START Information given

(* Let $\mathcal{E}=\{e_1,\dots,e_n\}$ be an orthonormal basis for $\mathbb{R}^n$ and let $M$ be a $k$-dimensional maximal $\mathcal{E}$-PR subspace with $k<[(n+1)/2]$. Then $k=\min\{|\mathrm{supp}(x)|:0\neq x\in M\}$.
   Context: $[a]$ is the integer part of $a$. For $x=\sum_{i=1}^n\alpha_ie_i$, $\mathrm{supp}(x)=\{i:\alpha_i\neq0\}$. A subspace $M$ is an $\mathcal{E}$-PR subspace if $\{P_Me_i\}_{i=1}^n$ (with $P_M$ the orthogonal projection onto $M$) spans $M$ and whenever $x,y\in M$ satisfy $|\langle x,P_Me_i\rangle|=|\langle y,P_Me_i\rangle|$ for all $i$, then $x=\pm y$. It is maximal if it is not a proper subspace of another $\mathcal{E}$-PR subspace. *)

theory Defs
  imports "HOL-Analysis.Analysis"
begin

text \<open>Orthonormal basis of R^n, indexed by the finite type 'n (n = CARD('n)).\<close>
definition orthonormal_basis :: "('n::finite \<Rightarrow> real^'n) \<Rightarrow> bool" where
  "orthonormal_basis e \<longleftrightarrow> (\<forall>i j. e i \<bullet> e j = (if i = j then 1 else 0))"

definition orth_proj :: "(real^'n::finite) set \<Rightarrow> real^'n \<Rightarrow> real^'n" where
  "orth_proj M x = (THE y. y \<in> M \<and> (\<forall>z\<in>M. (x - y) \<bullet> z = 0))"

text \<open>Support of x with respect to the basis e: indices of nonzero coefficients
  (the coefficient of e i in x is x \<bullet> e i for an orthonormal basis).\<close>
definition supp_wrt :: "('n::finite \<Rightarrow> real^'n) \<Rightarrow> real^'n \<Rightarrow> 'n set" where
  "supp_wrt e x = {i. x \<bullet> e i \<noteq> 0}"

definition PR_subspace :: "('n::finite \<Rightarrow> real^'n) \<Rightarrow> (real^'n) set \<Rightarrow> bool" where
  "PR_subspace e M \<longleftrightarrow> subspace M \<and>
     span (range (\<lambda>i. orth_proj M (e i))) = M \<and>
     (\<forall>x\<in>M. \<forall>y\<in>M.
        (\<forall>i. \<bar>x \<bullet> orth_proj M (e i)\<bar> = \<bar>y \<bullet> orth_proj M (e i)\<bar>) \<longrightarrow> x = y \<or> x = - y)"

definition maximal_PR_subspace :: "('n::finite \<Rightarrow> real^'n) \<Rightarrow> (real^'n) set \<Rightarrow> bool" where
  "maximal_PR_subspace e M \<longleftrightarrow> PR_subspace e M \<and> \<not> (\<exists>M'. PR_subspace e M' \<and> M \<subset> M')"

end

theory Submission
  imports Defs
begin

text \<open>
  Write \<open>R\<^sub>A\<close> for the span of the \<open>e\<^sub>i\<close> with \<open>i \<in> A\<close>. Since
  \<open>x \<bullet> P\<^sub>M e\<^sub>i = x \<bullet> e\<^sub>i\<close> for \<open>x \<in> M\<close>, phase retrieval on \<open>M\<close>
  is the complement property: no two nonzero vectors of \<open>M\<close> have disjoint supports.
  If some nonzero \<open>x \<in> M\<close> had support \<open>T\<close> with \<open>|T| < k\<close>, a dimension count
  would give a nonzero vector in \<open>M \<inter> R\<^bsub>-T\<^esub>\<close>; so all supports have at least
  \<open>k\<close> elements. If all had more than \<open>k\<close>, then the finitely many subspaces
  \<open>(M + R\<^sub>A) \<inter> (M + R\<^bsub>-A\<^esub>)\<close>, and \<open>M + R\<^bsub>-A\<^esub>\<close> whenever
  \<open>M \<inter> R\<^sub>A \<noteq> 0\<close>, would have dimension at most \<open>2k\<close> resp. \<open>n - 1\<close>, hence
  (as \<open>2k < n\<close>) could not cover \<open>\<real>\<^sup>n\<close>. Adjoining to \<open>M\<close> a vector \<open>w\<close> outside
  all of them keeps the complement property: if \<open>u \<in> R\<^sub>A\<close> and \<open>v \<in> R\<^bsub>-A\<^esub>\<close>
  are nonzero in \<open>M + \<real>w\<close>, solving for \<open>w\<close> puts it in one of these subspaces.
  This contradicts maximality.
\<close>

lemma set_plus_eq_sums: "S + T = {x + y |x y. x \<in> S \<and> y \<in> T}"
  by (auto simp: set_plus_def)

lemma subspace_set_plus:
  fixes S T :: "'a::euclidean_space set"
  shows "subspace S \<Longrightarrow> subspace T \<Longrightarrow> subspace (S + T)"
  unfolding set_plus_eq_sums by (rule subspace_sums)

lemma dim_set_plus_Int:
  fixes S T :: "'a::euclidean_space set"
  shows "subspace S \<Longrightarrow> subspace T \<Longrightarrow> dim (S + T) + dim (S \<inter> T) = dim S + dim T"
  unfolding set_plus_eq_sums by (rule dim_sums_Int)

lemma dim_set_plus_le:
  fixes S T :: "'a::euclidean_space set"
  shows "subspace S \<Longrightarrow> subspace T \<Longrightarrow> dim (S + T) \<le> dim S + dim T"
  using dim_set_plus_Int by fastforce

lemma subset_set_plus_left:
  fixes S T :: "'a::monoid_add set"
  shows "0 \<in> T \<Longrightarrow> S \<subseteq> S + T"
  using set_plus_intro[of _ S 0 T] by auto

lemma subset_set_plus_right:
  fixes S T :: "'a::monoid_add set"
  shows "0 \<in> S \<Longrightarrow> T \<subseteq> S + T"
  using set_plus_intro[of 0 S _ T] by auto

END Information given

What needs to be done
Please restate, exactly as written, the line that holds "dim (S \<inter>" and all remaining lines of the data above, and only those.

Solution for this task
  shows "subspace S \<Longrightarrow> subspace T \<Longrightarrow> dim (S + T) + dim (S \<inter> T) = dim S + dim T"
  unfolding set_plus_eq_sums by (rule dim_sums_Int)

lemma dim_set_plus_le:
  fixes S T :: "'a::euclidean_space set"
  shows "subspace S \<Longrightarrow> subspace T \<Longrightarrow> dim (S + T) \<le> dim S + dim T"
  using dim_set_plus_Int by fastforce

lemma subset_set_plus_left:
  fixes S T :: "'a::monoid_add set"
  shows "0 \<in> T \<Longrightarrow> S \<subseteq> S + T"
  using set_plus_intro[of _ S 0 T] by auto

lemma subset_set_plus_right:
  fixes S T :: "'a::monoid_add set"
  shows "0 \<in> S \<Longrightarrow> T \<subseteq> S + T"
  using set_plus_intro[of 0 S _ T] by auto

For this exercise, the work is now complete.